You may be able to prevent nausea by eating several small meals throughout the day instead of three big ones. Be sure to eat slowly and avoid fried, greasy or sweet foods that are hard to digest. If the smell of hot or warm foods triggers your nausea, be sure that your foods are cold or at room temperature. Lying down after eating and keeping your head elevated about 12 inches above your feet can sometimes help.
If you feel nauseated when you wake up in the morning, eat some crackers before getting out of bed. In addition, a high protein snack at bedtime can help prevent nausea the next morning. Drinking liquids between (instead of during) meals can also help. Be sure to drink at least six to eight 8-ounce glasses of water a day to prevent dehydration.
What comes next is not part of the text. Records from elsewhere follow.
text \<open>The statement holds for every path of the noise, not only almost surely. The stochastic
  substep multiplies each component of \<open>u\<^sub>m\<close> by a positive exponential factor, and the
  deterministic substep applies \<open>exp(\<tau>N\<^sup>2D\<^sup>N)\<close>, which is entrywise nonnegative: writing
  \<open>\<tau>N\<^sup>2D\<^sup>N = B - cI\<close> with \<open>B \<ge> 0\<close> entrywise, the binomial theorem for the commuting
  summands gives \<open>exp(\<tau>N\<^sup>2D\<^sup>N) = e\<^sup>-\<^sup>c exp(B)\<close>, and every power of \<open>B\<close> is nonnegative.\<close>

lemma sum_binomial_pascal:
  fixes b :: "nat \<Rightarrow> real" and e :: real
  shows "(\<Sum>p\<le>k. of_nat (k choose p) * e^p * b (Suc k - p)) +
         (\<Sum>p\<le>k. of_nat (k choose p) * e^(Suc p) * b (k - p)) =
         (\<Sum>p\<le>Suc k. of_nat (Suc k choose p) * e^p * b (Suc k - p))"
proof -
  have split_Suc: "(\<Sum>p\<le>Suc k. of_nat (Suc k choose p) * e^p * b (Suc k - p)) =
      b (Suc k) + (\<Sum>p\<le>k. of_nat (Suc k choose Suc p) * e^(Suc p) * b (k - p))"
    by (subst sum.atMost_Suc_shift) simp
  have pascal: "(\<Sum>p\<le>k. of_nat (Suc k choose Suc p) * e^(Suc p) * b (k - p)) =
      (\<Sum>p\<le>k. of_nat (k choose p) * e^(Suc p) * b (k - p)) +
      (\<Sum>p\<le>k. of_nat (k choose Suc p) * e^(Suc p) * b (k - p))"
    by (simp add: sum.distrib[symmetric] algebra_simps)
  have split_k: "(\<Sum>p\<le>Suc k. of_nat (k choose p) * e^p * b (Suc k - p)) =
      b (Suc k) + (\<Sum>p\<le>k. of_nat (k choose Suc p) * e^(Suc p) * b (k - p))"
    by (subst sum.atMost_Suc_shift) simp
  have drop_last: "(\<Sum>p\<le>Suc k. of_nat (k choose p) * e^p * b (Suc k - p)) =
      (\<Sum>p\<le>k. of_nat (k choose p) * e^p * b (Suc k - p))"
    by simp
  show ?thesis using split_Suc pascal split_k drop_last by linarith
qed

lemma mat_pow_add_diag:
  assumes AB: "\<And>i l. i \<in> {1..N-1} \<Longrightarrow> A i l = B i l + (if i = l then e else 0)"
    and i: "i \<in> {1..N-1}"
  shows "mat_pow N A k i j = (\<Sum>p\<le>k. of_nat (k choose p) * e^p * mat_pow N B (k - p) i j)"
  using i
proof (induction k arbitrary: i)
  case 0
  then show ?case by simp
next
  case (Suc k)
  have "mat_pow N A (Suc k) i j = (\<Sum>l\<in>{1..N-1}. A i l * mat_pow N A k l j)"
    by (simp add: mat_mul_def)
  also have "\<dots> = (\<Sum>l\<in>{1..N-1}. B i l * mat_pow N A k l j + (if i = l then e else 0) * mat_pow N A k l j)"
    using AB[OF Suc.prems] by (simp add: algebra_simps)
  also have "\<dots> = (\<Sum>l\<in>{1..N-1}. B i l * mat_pow N A k l j) + e * mat_pow N A k i j"
  proof -
    have "(\<Sum>l\<in>{1..N-1}. (if i = l then e else 0) * mat_pow N A k l j) =
        (\<Sum>l\<in>{1..N-1}. if i = l then e * mat_pow N A k l j else 0)"
      by (intro sum.cong) auto
    also have "\<dots> = e * mat_pow N A k i j" using Suc.prems by (simp add: sum.delta)
    finally show ?thesis by (simp add: sum.distrib)
  qed
  also have "(\<Sum>l\<in>{1..N-1}. B i l * mat_pow N A k l j) =
      (\<Sum>l\<in>{1..N-1}. \<Sum>p\<le>k. B i l * (of_nat (k choose p) * e^p * mat_pow N B (k - p) l j))"
    using Suc.IH by (simp add: sum_distrib_left)
  also have "\<dots> = (\<Sum>p\<le>k. of_nat (k choose p) * e^p * (\<Sum>l\<in>{1..N-1}. B i l * mat_pow N B (k - p) l j))"
    by (subst sum.swap) (simp add: sum_distrib_left algebra_simps)
  also have "\<dots> = (\<Sum>p\<le>k. of_nat (k choose p) * e^p * mat_pow N B (Suc k - p) i j)"
    by (intro sum.cong refl) (simp add: Suc_diff_le mat_mul_def)
  also have "e * mat_pow N A k i j = (\<Sum>p\<le>k. of_nat (k choose p) * e^(Suc p) * mat_pow N B (k - p) i j)"
    using Suc.IH[OF Suc.prems] by (simp add: sum_distrib_left algebra_simps)
  finally show ?case using sum_binomial_pascal[of k e "\<lambda>q. mat_pow N B q i j"] by simp
qed

lemma mat_entries_bounded:
  fixes A :: "nat \<Rightarrow> nat \<Rightarrow> real" and N :: nat
  shows "\<exists>c\<ge>0. \<forall>i\<in>{1..N-1}. \<forall>l\<in>{1..N-1}. \<bar>A i l\<bar> \<le> (c::real)"
proof (intro exI conjI ballI)
  let ?c = "\<Sum>i\<in>{1..N-1}. \<Sum>l\<in>{1..N-1}. \<bar>A i l\<bar>"
  show "0 \<le> ?c" by (intro sum_nonneg) auto
  fix i l assume "i \<in> {1..N-1}" "l \<in> {1..N-1}"
  then have "\<bar>A i l\<bar> \<le> (\<Sum>l\<in>{1..N-1}. \<bar>A i l\<bar>)"
    by (intro member_le_sum) auto
  also have "\<dots> \<le> ?c"
    using \<open>i \<in> {1..N-1}\<close> by (intro member_le_sum sum_nonneg) auto
  finally show "\<bar>A i l\<bar> \<le> ?c" .
qed

lemma mat_pow_abs_le:
  assumes "\<And>i l. i \<in> {1..N-1} \<Longrightarrow> l \<in> {1..N-1} \<Longrightarrow> \<bar>A i l\<bar> \<le> c" and "0 \<le> c"
    and "i \<in> {1..N-1}"
  shows "\<bar>mat_pow N A k i j\<bar> \<le> (real (N-1) * c)^k"
  using assms(3)
proof (induction k arbitrary: i)
  case 0
  then show ?case by simp
next
  case (Suc k)
  have "\<bar>mat_pow N A (Suc k) i j\<bar> \<le> (\<Sum>l\<in>{1..N-1}. \<bar>A i l\<bar> * \<bar>mat_pow N A k l j\<bar>)"
    unfolding mat_pow.simps mat_mul_def by (rule order_trans[OF sum_abs]) (simp add: abs_mult)
  also have "\<dots> \<le> (\<Sum>l\<in>{1..N-1}. c * (real (N-1) * c)^k)"
    by (intro sum_mono mult_mono) (use Suc assms in auto)
  also have "\<dots> = (real (N-1) * c)^Suc k"
    by simp
  finally show ?case .
qed

lemma summable_mat_exp_series:
  assumes "i \<in> {1..N-1}"
  shows "summable (\<lambda>k. norm (mat_pow N A k i j / fact k))"
proof -
  obtain c where c: "0 \<le> c" "\<forall>i\<in>{1..N-1}. \<forall>l\<in>{1..N-1}. \<bar>A i l\<bar> \<le> c"
    using mat_entries_bounded by blast
  let ?K = "real (N-1) * c"
  have "\<bar>mat_pow N A k i j\<bar> \<le> ?K ^ k" for k
    using mat_pow_abs_le[of N A c i k j] c assms by simp
  then show ?thesis
    by (intro summable_comparison_test[OF _ summable_exp[of ?K]]) (auto simp: divide_simps)
qed
lemma borel_measurable_extend:
  assumes "admissible u \<psi>"
  shows "extend u \<psi> \<in> borel_measurable M"
proof -
  have "extend u \<psi> = (\<lambda>y. indicator \<Omega> y *\<^sub>R u y + indicator \<Gamma> y *\<^sub>R \<psi> y)"
    by (auto simp: extend_def m_boundary_def indicator_def)
  then show ?thesis
    using assms by (auto simp: admissible_def set_borel_measurable_def)
qed

lemma borel_measurable_mass_integrand:
  assumes "admissible u \<psi>" "A \<in> sets M" "A \<subseteq> \<Omega>"
  shows "(\<lambda>x. ennreal (\<bar>u x\<bar> powr p) * indicator A x) \<in> borel_measurable M"
proof -
  have "(\<lambda>x. ennreal (\<bar>extend u \<psi> x\<bar> powr p) * indicator A x) \<in> borel_measurable M"
    using borel_measurable_extend[OF assms(1)] assms(2) by measurable
  moreover have "ennreal (\<bar>extend u \<psi> x\<bar> powr p) * indicator A x
      = ennreal (\<bar>u x\<bar> powr p) * indicator A x" for x
    using assms(3) by (auto simp: extend_def indicator_def)
  ultimately show ?thesis
    by simp
qed

lemma controlled_null: "A \<in> null_sets M \<Longrightarrow> controlled A"
  unfolding controlled_def by (intro exI[of _ 0]) (simp add: nn_integral_null_set)

lemma controlled_Un:
  assumes "A \<in> sets M" "A \<subseteq> \<Omega>" "controlled A" "B \<in> sets M" "B \<subseteq> \<Omega>" "controlled B"
  shows "controlled (A \<union> B)"
proof -
  obtain C D where "C < \<infinity>" "D < \<infinity>"
    and C: "\<And>u \<psi>. admissible u \<psi> \<Longrightarrow> (\<integral>\<^sup>+ x \<in> A. ennreal (\<bar>u x\<bar> powr p) \<partial>M) \<le> C * energy u \<psi>"
    and D: "\<And>u \<psi>. admissible u \<psi> \<Longrightarrow> (\<integral>\<^sup>+ x \<in> B. ennreal (\<bar>u x\<bar> powr p) \<partial>M) \<le> D * energy u \<psi>"
    using assms(3,6) unfolding controlled_def by blast
  have "(\<integral>\<^sup>+ x \<in> A \<union> B. ennreal (\<bar>u x\<bar> powr p) \<partial>M) \<le> (C + D) * energy u \<psi>"
    if "admissible u \<psi>" for u \<psi>
  proof -
    have "(\<integral>\<^sup>+ x \<in> A \<union> B. ennreal (\<bar>u x\<bar> powr p) \<partial>M)
        \<le> (\<integral>\<^sup>+ x. ennreal (\<bar>u x\<bar> powr p) * indicator A x
                + ennreal (\<bar>u x\<bar> powr p) * indicator B x \<partial>M)"
      by (intro nn_integral_mono) (auto simp: indicator_def)
    also have "\<dots> = (\<integral>\<^sup>+ x \<in> A. ennreal (\<bar>u x\<bar> powr p) \<partial>M) + (\<integral>\<^sup>+ x \<in> B. ennreal (\<bar>u x\<bar> powr p) \<partial>M)"
      using assms that by (intro nn_integral_add borel_measurable_mass_integrand)
    also have "\<dots> \<le> (C + D) * energy u \<psi>"
      using C[OF that] D[OF that] by (simp add: distrib_right add_mono)
    finally show ?thesis .
  qed
  moreover have "C + D < \<infinity>"
    using \<open>C < \<infinity>\<close> \<open>D < \<infinity>\<close> by simp
  ultimately show ?thesis
    unfolding controlled_def by blast
qed

lemma controlled_UN:
  assumes "finite I" "\<And>i. i \<in> I \<Longrightarrow> A i \<in> sets M" "\<And>i. i \<in> I \<Longrightarrow> A i \<subseteq> \<Omega>"
    and "\<And>i. i \<in> I \<Longrightarrow> controlled (A i)"
  shows "controlled (\<Union>i\<in>I. A i)"
  using assms
proof (induction rule: finite_induct)
  case empty
  then show ?case
    by (simp add: controlled_null)
next
  case (insert i I)
  then show ?case
    by (simp add: controlled_Un sets.finite_UN UN_least)
qed

lemma nn_integral_near_le_rw:
  assumes "admissible u \<psi>" "x \<in> \<Omega>" "B \<subseteq> ball x \<epsilon>" "B \<subseteq> \<Omega> \<union> \<Gamma>"
  shows "(\<integral>\<^sup>+ y \<in> B. ennreal (\<bar>extend u \<psi> y - u x\<bar> powr p) \<partial>M)
    \<le> emeasure M (space M) * (\<integral>\<^sup>+ y \<in> m_closure M \<epsilon> \<Omega>.
         ennreal (\<bar>(if y \<in> \<Omega> then u y else \<psi> y) - u x\<bar> powr p) \<partial>rw M \<epsilon> x)"
proof -
  let ?f = "\<lambda>y. ennreal (\<bar>extend u \<psi> y - u x\<bar> powr p) * indicator (m_closure M \<epsilon> \<Omega>) y"
  have [measurable]: "extend u \<psi> \<in> borel_measurable M"
    using assms(1) by (rule borel_measurable_extend)
  have "(\<integral>\<^sup>+ y \<in> B. ennreal (\<bar>extend u \<psi> y - u x\<bar> powr p) \<partial>M) \<le> (\<integral>\<^sup>+ y \<in> ball x \<epsilon>. ?f y \<partial>M)"
    using assms(3,4) by (intro nn_integral_mono) (auto simp: indicator_def m_closure_def)
  also have "\<dots> \<le> emeasure M (space M) * (\<integral>\<^sup>+ y. ?f y \<partial>rw M \<epsilon> x)"
    using eps_pos by (intro nn_integral_ball_le_rw) (auto simp: m_closure_def)
  also have "(\<integral>\<^sup>+ y. ?f y \<partial>rw M \<epsilon> x) = (\<integral>\<^sup>+ y \<in> m_closure M \<epsilon> \<Omega>.
      ennreal (\<bar>(if y \<in> \<Omega> then u y else \<psi> y) - u x\<bar> powr p) \<partial>rw M \<epsilon> x)"
    by (intro nn_integral_cong) (auto simp: extend_def m_closure_def indicator_def)
  finally show ?thesis .
qed

lemma emeasure_mult_mass_le_energy:
  assumes adm: "admissible u \<psi>"
    and A [measurable]: "A \<in> sets M" and "A \<subseteq> \<Omega>"
    and B [measurable]: "B \<in> sets M" and "B \<subseteq> \<Omega> \<union> \<Gamma>"
    and near: "\<And>x y. x \<in> A \<Longrightarrow> y \<in> B \<Longrightarrow> dist x y < \<epsilon>"
  shows "emeasure M B * (\<integral>\<^sup>+ x \<in> A. ennreal (\<bar>u x\<bar> powr p) \<partial>M)
    \<le> ennreal (2 powr p) * emeasure M (space M) *
       (energy u \<psi> + (\<integral>\<^sup>+ y \<in> B. ennreal (\<bar>extend u \<psi> y\<bar> powr p) \<partial>M))"
proof -
  define w where "w = extend u \<psi>"
  have [measurable]: "w \<in> borel_measurable M"
    unfolding w_def using adm by (rule borel_measurable_extend)
  let ?V = "emeasure M (space M)"
  let ?R = "\<lambda>x. \<integral>\<^sup>+ y \<in> m_closure M \<epsilon> \<Omega>.
              ennreal (\<bar>(if y \<in> \<Omega> then u y else \<psi> y) - u x\<bar> powr p) \<partial>rw M \<epsilon> x"
  let ?I = "\<lambda>x. \<integral>\<^sup>+ y \<in> B. ennreal (\<bar>w y - w x\<bar> powr p) \<partial>M"
  let ?K = "\<integral>\<^sup>+ y \<in> B. ennreal (\<bar>w y\<bar> powr p) \<partial>M"
  have I_le_R: "?I x \<le> ?V * ?R x" if "x \<in> A" for x
  proof -
    have "w x = u x"
      using that \<open>A \<subseteq> \<Omega>\<close> by (auto simp: w_def extend_def)
    moreover have "B \<subseteq> ball x \<epsilon>"
      using near[OF that] by auto
    ultimately show ?thesis
      using nn_integral_near_le_rw[OF adm _ _ \<open>B \<subseteq> \<Omega> \<union> \<Gamma>\<close>] that \<open>A \<subseteq> \<Omega>\<close>
      unfolding w_def by auto
  qed
  have "(\<integral>\<^sup>+ x \<in> A. ennreal (\<bar>u x\<bar> powr p) \<partial>M) = (\<integral>\<^sup>+ x \<in> A. ennreal (\<bar>w x\<bar> powr p) \<partial>M)"
    using \<open>A \<subseteq> \<Omega>\<close> by (intro nn_integral_cong) (auto simp: w_def extend_def indicator_def)
  then have "emeasure M B * (\<integral>\<^sup>+ x \<in> A. ennreal (\<bar>u x\<bar> powr p) \<partial>M)
      = (\<integral>\<^sup>+ x \<in> A. emeasure M B * ennreal (\<bar>w x\<bar> powr p) \<partial>M)"
    by (simp add: nn_integral_cmult[symmetric] mult.assoc)
  also have "\<dots> \<le> (\<integral>\<^sup>+ x \<in> A. ennreal (2 powr p) * (?I x + ?K) \<partial>M)"
    using emeasure_mult_abs_powr_le[OF p_pos B] by (intro nn_integral_mono mult_right_mono) auto
  also have "\<dots> = ennreal (2 powr p) * ((\<integral>\<^sup>+ x \<in> A. ?I x \<partial>M) + ?K * emeasure M A)"
    by (simp add: nn_integral_cmult nn_integral_add distrib_right mult.assoc nn_integral_multc)
  also have "\<dots> \<le> ennreal (2 powr p) * (?V * (\<integral>\<^sup>+ x \<in> A. ?R x \<partial>M) + ?V * ?K)"
  proof (intro mult_left_mono add_mono)
    show "(\<integral>\<^sup>+ x \<in> A. ?I x \<partial>M) \<le> ?V * (\<integral>\<^sup>+ x \<in> A. ?R x \<partial>M)"
      using I_le_R by (intro nn_integral_le_cmult) (auto simp: indicator_def less_top[symmetric])
    show "?K * emeasure M A \<le> ?V * ?K"
      using emeasure_space[of M A] by (simp add: mult.commute mult_right_mono)
  qed simp
  also have "\<dots> \<le> ennreal (2 powr p) * ?V * (energy u \<psi> + ?K)"
  proof -
    have "(\<integral>\<^sup>+ x \<in> A. ?R x \<partial>M) \<le> energy u \<psi>"
      unfolding energy_def using \<open>A \<subseteq> \<Omega>\<close>
      by (intro add_increasing2 nn_integral_mono) (auto simp: indicator_def)
    then show ?thesis
      by (simp add: mult.assoc distrib_left mult_left_mono)
  qed
  finally show ?thesis
    by (simp only: w_def)
qed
My top remedy for nausea is ginger in any form. You can mix a half teaspoon of ginger powder in a glass of water and drink or take two capsules of powdered ginger. Even ginger snaps, ginger candy and ginger ale can help to quell mild nausea. If you can’t find ginger ale that actually contains ginger, you can make your own with ginger syrup and seltzer water.
To prevent nausea due to seasickness I use acupressure wristbands, the modern version of an old Chinese fisherman’s remedy of stimulating the acupressure points that control nausea. They have plastic pegs that press on acupressure points on the inner surfaces of the wrists, and this may help for generalized nausea as well. Proper placement of the wristbands is critical so follow package directions carefully.
Andrew Weil, M.D.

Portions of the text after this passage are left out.